3. Dalam kasus ini, Indonesia telah melakukan upaya pendekatan sesuai prosedur
terhadap Korsel.Pada 26 Oktober 2006 Indonesia juga mengirim surat
pengajuan konsultasi. Selanjutnya, konsultasi dilakukan pada 15 November
2006 namun gagal. Korea masih belum melaksanakan rekalkulasi dan dalam
pertemuan Korea mengulur-ulur waktu. Tindakan Korsel tersebut sangat
merugikan industri kertas Indonesia. Ekspor kertas ke Korsel anjlok hingga 50
persen dari US$ 120 juta. Kerugian tersebut akan berkepanjangan sebab Panel
juga menyita waktu cukup lama, paling cepat tiga bulan dan paling lama enam
bulan.
4. Kasus dumping Korea-Indonesia pada akhirnya dimenangkan oleh Indonesia.
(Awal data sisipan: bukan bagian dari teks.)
lemma set_pmf_efcf_block:
  assumes "sx \<in> set_pmf (efcf_block \<delta> k)"
  shows "length sx = k \<and> (\<forall>a\<in>set sx. snd a = None \<or> snd a = Some (fst a))"
  using assms
proof (induction k arbitrary: sx)
  case (Suc k)
  then obtain a as where "sx = a # as" "a \<in> set_pmf (efcf_pmf \<delta>)" "as \<in> set_pmf (efcf_block \<delta> k)"
    by (auto simp: set_bind_pmf)
  moreover have "snd a = None \<or> snd a = Some (fst a)" if "a \<in> set_pmf (efcf_pmf \<delta>)"
    using that by (auto simp: efcf_pmf_def set_bind_pmf split: if_splits)
  ultimately show ?case
    using Suc.IH by auto
qed simp

lemma map_pmf_erased_efcf_pmf:
  assumes "\<delta> \<in> {0..1}"
  shows "map_pmf (\<lambda>a. snd a = None) (efcf_pmf \<delta>) = bernoulli_pmf \<delta>"
proof -
  have "map_pmf (\<lambda>a. snd a = None) (efcf_pmf \<delta>) =
      pmf_of_set (UNIV :: bool set) \<bind> (\<lambda>_. bernoulli_pmf \<delta> \<bind> return_pmf)"
    unfolding efcf_pmf_def map_bind_pmf by (intro bind_pmf_cong refl) auto
  then show ?thesis
    by (simp add: bind_return_pmf' bind_pmf_const)
qed

lemma map_pmf_count_erasures_efcf_block:
  assumes "\<delta> \<in> {0..1}"
  shows "map_pmf (\<lambda>sx. count_list (map snd sx) None) (efcf_block \<delta> k) = binomial_pmf k \<delta>"
proof (induction k)
  case 0
  then show ?case
    using assms by (simp add: binomial_pmf_0)
next
  case (Suc k)
  have "map_pmf (\<lambda>sx. count_list (map snd sx) None) (efcf_block \<delta> (Suc k)) =
      do {b \<leftarrow> map_pmf (\<lambda>a. snd a = None) (efcf_pmf \<delta>);
          n \<leftarrow> map_pmf (\<lambda>sx. count_list (map snd sx) None) (efcf_block \<delta> k);
          return_pmf ((if b then 1 else 0) + n)}"
    by (simp add: map_bind_pmf bind_map_pmf) (intro bind_pmf_cong refl; simp)
  also have "\<dots> = binomial_pmf (Suc k) \<delta>"
    using assms by (simp add: Suc map_pmf_erased_efcf_pmf binomial_pmf_Suc)
  finally show ?case .
qed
Namun untuk menghadapi kasus kasus dumping yang belum terselesaikan
sekarang maka Indonesia perlu melakukan antisipasi dengan pembuatan
Undang-Undang (UU) Anti Dumping untuk melindungi industri dalam negeri
dari kerugian akibat melonjaknya barang impor. Selain itu, diperlukan
penetapkan Bea Masuk Anti Dumping Sementara (BMADS) dalam rangka
proses investigasi praktek dumping (ekspor dengan harga lebih murah dari
harga di dalam negeri) yang diajukan industri dalam negeri.
5. Pemerintah harus mengefektifkan Komite Anti Dumping Indonesia (KADI)
yang merupakan institusi yang bertugas melaksanakan penyelidikan,
pengumpulan bukti, penelitian dan pengolahan bukti dan informasi mengenai
barang impor dumping, barang impor bersubsidi dan lonjakan impor.